Whenever I try to explain my sister to anyone, I inevitably tell them I wish they could have met her. It’s a sentence steeped in meaning, as everything feels like it is lately.
I wish you could have met her… because that would mean she is still alive. And no matter how much time I put between me and the transition from Before to After, I cannot let go of the part of me that wants to inhabit a magical place where my bargaining and pleading will change the simple biological fact that her body stopped, her self-driven narrative ended.

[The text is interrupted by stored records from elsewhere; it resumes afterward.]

(* Let $A$ be an invertible $n\times n$ matrix and $b\in BMO^A(\mathbb R^n)$. Then at least one of the following holds: (i) $b$ has no critical points; (ii) $0$ is the only critical point of $b$; (iii) whenever $0\neq z\in\mathbb R^n$ is a critical point of $b$, the points $A^jz$, $j=1,2,\dots$, are also critical points of $b$.
   Context: For an invertible matrix $A$, $BMO^A(\mathbb R^n)$ is the set of $b\in BMO(\mathbb R^n)$ with $\sup_B|\fint_B b-\fint_{A(B)}b|<\infty$, sup over all balls $B$, where $A(B)=\{Ax:x\in B\}$. A point $z\in\mathbb R^n$ is a critical point of a $BMO$ function $b$ if for every $\varepsilon>0$ and every $N>0$ there is a ball $B\subset B(z,\varepsilon)$ with $\fint_B b>N$. *)

theory Defs
  imports "HOL-Analysis.Analysis"
begin

definition avg :: "(real^'n \<Rightarrow> real) \<Rightarrow> (real^'n) set \<Rightarrow> real" where
  "avg b S = (LINT x:S|lebesgue. b x) / measure lebesgue S"

definition BMO :: "(real^'n \<Rightarrow> real) set" where
  "BMO = {b. (\<forall>K. compact K \<longrightarrow> set_integrable lebesgue K b) \<and>
     (\<exists>M. \<forall>c r. r > 0 \<longrightarrow> avg (\<lambda>x. \<bar>b x - avg b (ball c r)\<bar>) (ball c r) \<le> M)}"

definition BMO_A :: "real^'n^'n \<Rightarrow> (real^'n \<Rightarrow> real) set" where
  "BMO_A A = {b. b \<in> BMO \<and>
     (\<exists>M. \<forall>c r. r > 0 \<longrightarrow>
        \<bar>avg b (ball c r) - avg b ((\<lambda>x. A *v x) ` ball c r)\<bar> \<le> M)}"

definition critical_point :: "(real^'n \<Rightarrow> real) \<Rightarrow> real^'n \<Rightarrow> bool" where
  "critical_point b z \<longleftrightarrow> (\<forall>\<epsilon>>0. \<forall>N>0. \<exists>c r. r > 0 \<and> ball c r \<subseteq> ball z \<epsilon> \<and> avg b (ball c r) > N)"

end

theory Submission
  imports Defs
begin

text \<open>
  A critical point z of b is mapped to the critical point A z. Take a small ball B near z on
  which b has a large average. Since A is bi-Lipschitz, A(B) lies in a ball B' near A z and
  contains a concentric ball whose radius is a fixed fraction of that of B'. The BMO^A condition
  makes the average of b over A(B) large as well, and for the BMO function b the average over
  such a comparable subset exceeds the average over B' by at most a constant multiple of the
  mean oscillation. Hence the averages of b over the balls B' near A z are unbounded too, and
  by iteration alternative (iii) always holds.
\<close>

lemma set_integrable_BMO:
  fixes b :: "real^'n \<Rightarrow> real"
  assumes "b \<in> BMO" "S \<in> sets lebesgue" "bounded S"
  shows "set_integrable lebesgue S b"
proof -
  obtain x r where "S \<subseteq> cball x r"
    using \<open>bounded S\<close> bounded_subset_cball by blast
  moreover have "set_integrable lebesgue (cball x r) b"
    using assms(1) compact_cball unfolding BMO_def by blast
  ultimately show ?thesis
    using set_integrable_subset assms(2) by blast
qed

lemma measure_ball_scale:
  fixes x :: "real^'n"
  assumes "0 \<le> k" "0 \<le> s"
  shows "measure lebesgue (ball x (k * s)) = k ^ CARD('n) * measure lebesgue (ball x s)"
  using content_ball_conv_unit_ball[of "k * s" x] content_ball_conv_unit_ball[of s x] assms
  by (simp add: power_mult_distrib)

lemma avg_le_avg_add_mean_oscillation:
  fixes b :: "real^'n \<Rightarrow> real"
  assumes intB: "set_integrable lebesgue B b" and B: "B \<in> lmeasurable"
    and E: "E \<in> sets lebesgue" "E \<subseteq> B" "0 < measure lebesgue E"
    and BE: "measure lebesgue B \<le> C * measure lebesgue E"
  shows "avg b E \<le> avg b B + C * avg (\<lambda>x. \<bar>b x - avg b B\<bar>) B"
proof -
  define a where "a = avg b B"
  define osc where "osc = avg (\<lambda>x. \<bar>b x - a\<bar>) B"
  have Efm: "E \<in> lmeasurable"
    using fmeasurableI2[OF B E(2,1)] .
  have "measure lebesgue E \<le> measure lebesgue B"
    using measure_mono_fmeasurable[OF E(2,1) B] .
  then have mB: "0 < measure lebesgue B" using E(3) by linarith
  have intE: "set_integrable lebesgue E b"
    using set_integrable_subset[OF intB E(1,2)] .
  have const: "set_integrable lebesgue S (\<lambda>_. a)" if "S \<in> lmeasurable" for S
    using that unfolding set_integrable_def fmeasurable_def
    by (auto intro!: integrable_scaleR_left integrable_real_indicator)
  have oscE: "set_integrable lebesgue E (\<lambda>x. \<bar>b x - a\<bar>)"
    using intE const[OF Efm] by (auto intro: set_integrable_abs)
  have oscB: "set_integrable lebesgue B (\<lambda>x. \<bar>b x - a\<bar>)"
    using intB const[OF B] by (auto intro: set_integrable_abs)
  have osc_nonneg: "0 \<le> osc"
    unfolding osc_def avg_def set_lebesgue_integral_def by (simp add: indicator_def)
  have "(LINT x:E|lebesgue. a) = measure lebesgue E *\<^sub>R a"
    using Efm unfolding fmeasurable_def by (intro set_integral_const) auto
  then have "(LINT x:E|lebesgue. b x) - a * measure lebesgue E = (LINT x:E|lebesgue. b x - a)"
    using intE const[OF Efm] by simp
  also have "\<dots> \<le> (LINT x:E|lebesgue. \<bar>b x - a\<bar>)"
    using intE const[OF Efm] oscE by (intro set_integral_mono) auto
  also have "\<dots> \<le> (LINT x:B|lebesgue. \<bar>b x - a\<bar>)"
    using oscE oscB E(2) unfolding set_lebesgue_integral_def set_integrable_def
    by (intro integral_mono) (auto simp: indicator_def)
  also have "\<dots> = measure lebesgue B * osc"
    unfolding osc_def avg_def using mB by simp
  also have "\<dots> \<le> C * measure lebesgue E * osc"
    using BE osc_nonneg by (rule mult_right_mono)
  finally have "(LINT x:E|lebesgue. b x) \<le> (a + C * osc) * measure lebesgue E"
    by (simp add: algebra_simps)
  then have "avg b E \<le> a + C * osc"
    unfolding avg_def using E(3) by (simp add: divide_le_eq)
  then show ?thesis
    unfolding osc_def a_def .
qed

lemma BMO_avg_le_avg_ball:
  fixes b :: "real^'n \<Rightarrow> real"
  assumes "b \<in> BMO" "0 < k"
  obtains K where "\<And>E x s. 0 < s \<Longrightarrow> E \<in> sets lebesgue \<Longrightarrow> ball x (k * s) \<subseteq> E \<Longrightarrow>
    E \<subseteq> ball x s \<Longrightarrow> avg b E \<le> avg b (ball x s) + K"
proof -
  obtain M where M: "\<And>c r. r > 0 \<Longrightarrow> avg (\<lambda>x. \<bar>b x - avg b (ball c r)\<bar>) (ball c r) \<le> M"
    using assms(1) unfolding BMO_def by auto
  define C :: real where "C = 1 / k ^ CARD('n)"
  have "0 < C"
    unfolding C_def using assms(2) by simp
  show thesis
  proof (rule that[of "C * M"])
    fix E :: "(real^'n) set" and x :: "real^'n" and s :: real
    assume s: "0 < s" and E: "E \<in> sets lebesgue" "ball x (k * s) \<subseteq> E" "E \<subseteq> ball x s"
    have ball_le_E: "measure lebesgue (ball x (k * s)) \<le> measure lebesgue E"
      using E by (intro measure_mono_fmeasurable) (auto intro: fmeasurableI2[OF lmeasurable_ball])
    have "0 < measure lebesgue (ball x (k * s))"
      using content_ball_pos[of "k * s" x] assms(2) s by simp
    then have "0 < measure lebesgue E"
      using ball_le_E by linarith
    moreover have "measure lebesgue (ball x s) = C * measure lebesgue (ball x (k * s))"
      using measure_ball_scale[of k s x] assms(2) s unfolding C_def by simp
    then have "measure lebesgue (ball x s) \<le> C * measure lebesgue E"
      using ball_le_E \<open>0 < C\<close> by simp
    ultimately have "avg b E \<le> avg b (ball x s) + C * avg (\<lambda>y. \<bar>b y - avg b (ball x s)\<bar>) (ball x s)"
      using assms(1) E
      by (intro avg_le_avg_add_mean_oscillation set_integrable_BMO) auto
    also have "\<dots> \<le> avg b (ball x s) + C * M"
      using M[OF s, of x] \<open>0 < C\<close> by simp
    finally show "avg b E \<le> avg b (ball x s) + C * M" .
  qed
qed

lemma invertible_matrix_bi_Lipschitz:
  fixes A :: "real^'n^'n"
  assumes "invertible A"
  obtains m L where "0 < m" "0 < L"
    "\<And>x y. m * dist x y \<le> dist (A *v x) (A *v y)"
    "\<And>x y. dist (A *v x) (A *v y) \<le> L * dist x y"
proof -
  obtain A' :: "real^'n^'n" where "A' ** A = mat 1"
    using assms invertible_def by blast
  then have "(*v) A' \<circ> (*v) A = id"
    by (simp add: fun_eq_iff matrix_vector_mul_assoc)
  then obtain m where "0 < m" and lower: "\<And>v. m * norm v \<le> norm (A *v v)"
    using linear_invertible_bounded_below_pos[OF matrix_vector_mul_linear[of A] matrix_vector_mul_linear[of A']]
    by blast
  obtain L where "0 < L" and upper: "\<And>v. norm (A *v v) \<le> L * norm v"
    using linear_bounded_pos[OF matrix_vector_mul_linear[of A]] by blast
  show thesis
  proof (rule that[OF \<open>0 < m\<close> \<open>0 < L\<close>])
    show "m * dist x y \<le> dist (A *v x) (A *v y)" for x y
      using lower[of "x - y"] by (simp add: dist_norm matrix_vector_mult_diff_distrib)
    show "dist (A *v x) (A *v y) \<le> L * dist x y" for x y
      using upper[of "x - y"] by (simp add: dist_norm matrix_vector_mult_diff_distrib)
  qed
qed

lemma bi_Lipschitz_image_ball:
  fixes f :: "'a::metric_space \<Rightarrow> 'b::metric_space"
  assumes "surj f" "0 < m" "0 < L"
    and lower: "\<And>x y. m * dist x y \<le> dist (f x) (f y)"
    and upper: "\<And>x y. dist (f x) (f y) \<le> L * dist x y"
  shows "ball (f c) (m * r) \<subseteq> f ` ball c r" and "f ` ball c r \<subseteq> ball (f c) (L * r)"
proof
  fix y assume y: "y \<in> ball (f c) (m * r)"
  obtain w where "y = f w"
    using surjD[OF \<open>surj f\<close>] by blast
  have "m * dist c w \<le> dist (f c) y"
    using lower[of c w] \<open>y = f w\<close> by simp
  also have "\<dots> < m * r"
    using y by simp
  finally have "w \<in> ball c r"
    using \<open>0 < m\<close> by simp
  then show "y \<in> f ` ball c r"
    using \<open>y = f w\<close> by blast
next
  show "f ` ball c r \<subseteq> ball (f c) (L * r)"
  proof
    fix y assume "y \<in> f ` ball c r"
    then obtain w where w: "w \<in> ball c r" "y = f w"
      by blast
    have "dist (f c) y \<le> L * dist c w"
      using upper[of c w] w(2) by simp
    also have "\<dots> < L * r"
      using w(1) \<open>0 < L\<close> by simp
    finally show "y \<in> ball (f c) (L * r)"
      by simp
  qed
qed

lemma Lipschitz_ball_subset_ball:
  fixes f :: "'a::euclidean_space \<Rightarrow> 'b::euclidean_space"
  assumes upper: "\<And>x y. dist (f x) (f y) \<le> L * dist x y" and "0 \<le> L"
    and "ball c r \<subseteq> ball z \<delta>"
  shows "ball (f c) (L * r) \<subseteq> ball (f z) (L * \<delta>)"
proof (cases "r \<le> 0")
  case True
  then have "L * r \<le> 0"
    using mult_nonneg_nonpos[OF \<open>0 \<le> L\<close>] by blast
  then show ?thesis
    by (simp add: ball_subset_ball_iff)
next
  case False
  then have "dist c z + r \<le> \<delta>"
    using assms(3) ball_subset_ball_iff by blast
  then have "L * dist c z + L * r \<le> L * \<delta>"
    using \<open>0 \<le> L\<close> by (metis distrib_left mult_left_mono)
  then have "dist (f c) (f z) + L * r \<le> L * \<delta>"
    using upper[of c z] by linarith
  then show ?thesis
    by (simp add: ball_subset_ball_iff)
qed

lemma BMO_A_avg_ball_le_avg_image_ball:
  fixes A :: "real^'n^'n" and b :: "real^'n \<Rightarrow> real"
  assumes "invertible A" "b \<in> BMO_A A"
  obtains L K where "0 < L" "\<And>x y. dist (A *v x) (A *v y) \<le> L * dist x y"
    "\<And>c r. 0 < r \<Longrightarrow> avg b (ball c r) \<le> avg b (ball (A *v c) (L * r)) + K"
proof -
  obtain M where M: "\<And>c r. 0 < r \<Longrightarrow>
      \<bar>avg b (ball c r) - avg b ((\<lambda>x. A *v x) ` ball c r)\<bar> \<le> M"
    using assms(2) unfolding BMO_A_def by blast
  obtain m L where mL: "0 < m" "0 < L"
    "\<And>x y. m * dist x y \<le> dist (A *v x) (A *v y)"
    "\<And>x y. dist (A *v x) (A *v y) \<le> L * dist x y"
    using invertible_matrix_bi_Lipschitz[OF assms(1)] by blast
  have "b \<in> BMO"
    using assms(2) unfolding BMO_A_def by blast
  moreover have "0 < m / L"
    using mL(1,2) by simp
  ultimately obtain K where K: "\<And>E x s. 0 < s \<Longrightarrow> E \<in> sets lebesgue \<Longrightarrow>
      ball x (m / L * s) \<subseteq> E \<Longrightarrow> E \<subseteq> ball x s \<Longrightarrow> avg b E \<le> avg b (ball x s) + K"
    using BMO_avg_le_avg_ball by blast
  have surj: "surj ((*v) A)"
    using assms(1) invertible_eq_bij bij_is_surj by blast
  show thesis
  proof (rule that[OF mL(2,4)])
    fix c :: "real^'n" and r :: real
    assume "0 < r"
    define E where "E = (\<lambda>x. A *v x) ` ball c r"
    have "m / L * (L * r) = m * r"
      using mL(2) by simp
    then have E_lower: "ball (A *v c) (m / L * (L * r)) \<subseteq> E"
      using bi_Lipschitz_image_ball(1)[OF surj mL, of c r] unfolding E_def by simp
    have E_upper: "E \<subseteq> ball (A *v c) (L * r)"
      using bi_Lipschitz_image_ball(2)[OF surj mL, of c r] unfolding E_def by simp
    have "open E"
      unfolding E_def by (rule open_surjective_linear_image[OF open_ball matrix_vector_mul_linear surj])
    moreover have "bounded E"
      using E_upper bounded_subset bounded_ball by blast
    ultimately have "E \<in> sets lebesgue"
      using lmeasurable_open fmeasurableD by blast
    have "avg b (ball c r) \<le> avg b E + M"
      using M[OF \<open>0 < r\<close>, of c] unfolding E_def by linarith
    also have "\<dots> \<le> avg b (ball (A *v c) (L * r)) + (K + M)"
      using K[OF _ \<open>E \<in> sets lebesgue\<close> E_lower E_upper] \<open>0 < r\<close> mL(2) by simp
    finally show "avg b (ball c r) \<le> avg b (ball (A *v c) (L * r)) + (K + M)" .
  qed
qed

lemma critical_point_matrix_vector_mult:
  fixes A :: "real^'n^'n" and b :: "real^'n \<Rightarrow> real"
  assumes "invertible A" "b \<in> BMO_A A" "critical_point b z"
  shows "critical_point b (A *v z)"
  unfolding critical_point_def
proof (intro allI impI)
  fix \<epsilon> N :: real
  assume "0 < \<epsilon>" "0 < N"
  obtain L K where "0 < L" and Lipschitz: "\<And>x y. dist (A *v x) (A *v y) \<le> L * dist x y"
    and K: "\<And>c r. 0 < r \<Longrightarrow> avg b (ball c r) \<le> avg b (ball (A *v c) (L * r)) + K"
    using BMO_A_avg_ball_le_avg_image_ball[OF assms(1,2)] by blast
  have "0 < \<epsilon> / L"
    using \<open>0 < \<epsilon>\<close> \<open>0 < L\<close> by simp
  moreover have "0 < N + \<bar>K\<bar>"
    using \<open>0 < N\<close> by (intro add_pos_nonneg) auto
  ultimately obtain c r where r: "0 < r" "ball c r \<subseteq> ball z (\<epsilon> / L)"
      "N + \<bar>K\<bar> < avg b (ball c r)"
    using assms(3) unfolding critical_point_def by blast
  have "N < avg b (ball (A *v c) (L * r))"
    using K[OF r(1), of c] r(3) by linarith
  moreover have "ball (A *v c) (L * r) \<subseteq> ball (A *v z) \<epsilon>"
    using Lipschitz_ball_subset_ball[of "(*v) A" L, OF Lipschitz _ r(2)] \<open>0 < L\<close> by simp
  moreover have "0 < L * r"
    using r(1) \<open>0 < L\<close> by simp
  ultimately show "\<exists>c r. 0 < r \<and> ball c r \<subseteq> ball (A *v z) \<epsilon> \<and> N < avg b (ball c r)"
    by blast
qed

lemma critical_point_funpow_matrix_vector_mult:
  fixes A :: "real^'n^'n" and b :: "real^'n \<Rightarrow> real"
  assumes "invertible A" "b \<in> BMO_A A" "critical_point b z"
  shows "critical_point b (((\<lambda>x. A *v x) ^^ j) z)"
proof (induction j)
  case 0
  then show ?case using assms(3) by simp
next
  case (Suc j)
  then show ?case
    using critical_point_matrix_vector_mult[OF assms(1,2)] by simp
qed

theorem proposition3p8:
  fixes A :: "real^'n^'n" and b :: "real^'n \<Rightarrow> real"
  assumes "invertible A" and "b \<in> BMO_A A"
  shows "(\<forall>z. \<not> critical_point b z)
    \<or> {z. critical_point b z} = {0}
    \<or> (\<forall>z. z \<noteq> 0 \<and> critical_point b z \<longrightarrow>
          (\<forall>j::nat. j \<ge> 1 \<longrightarrow> critical_point b (((\<lambda>x. A *v x) ^^ j) z)))"
  by (intro disjI2 allI impI) (use critical_point_funpow_matrix_vector_mult[OF assms] in blast)

end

I wish you could have met her… because I do a mediocre job capturing her with my words. People are such complex creatures, aren’t we? Layers upon layers of context and history and whim and mystery. Everything I can think to say falls flat. A single sentence needs another seventy just to try to give it the shape it deserves.
I wish you could have met her… because the fact that you can’t means I am stepping even further into the rest of my future as the sibling left behind. You’re in my life and she isn’t. It’s a bittersweet tradeoff to welcome new people into my life knowing that the list is an involuntary revolving door. There’s not just gain, there’s loss.
I wish you could have met her… because now it’s up to your conjecture, based on imperfect information, you understanding of me and the shape I’ve had to become healing over the gaping emptiness her death left inside me. I think it would be easier to understand me as I am now if you knew her as she was.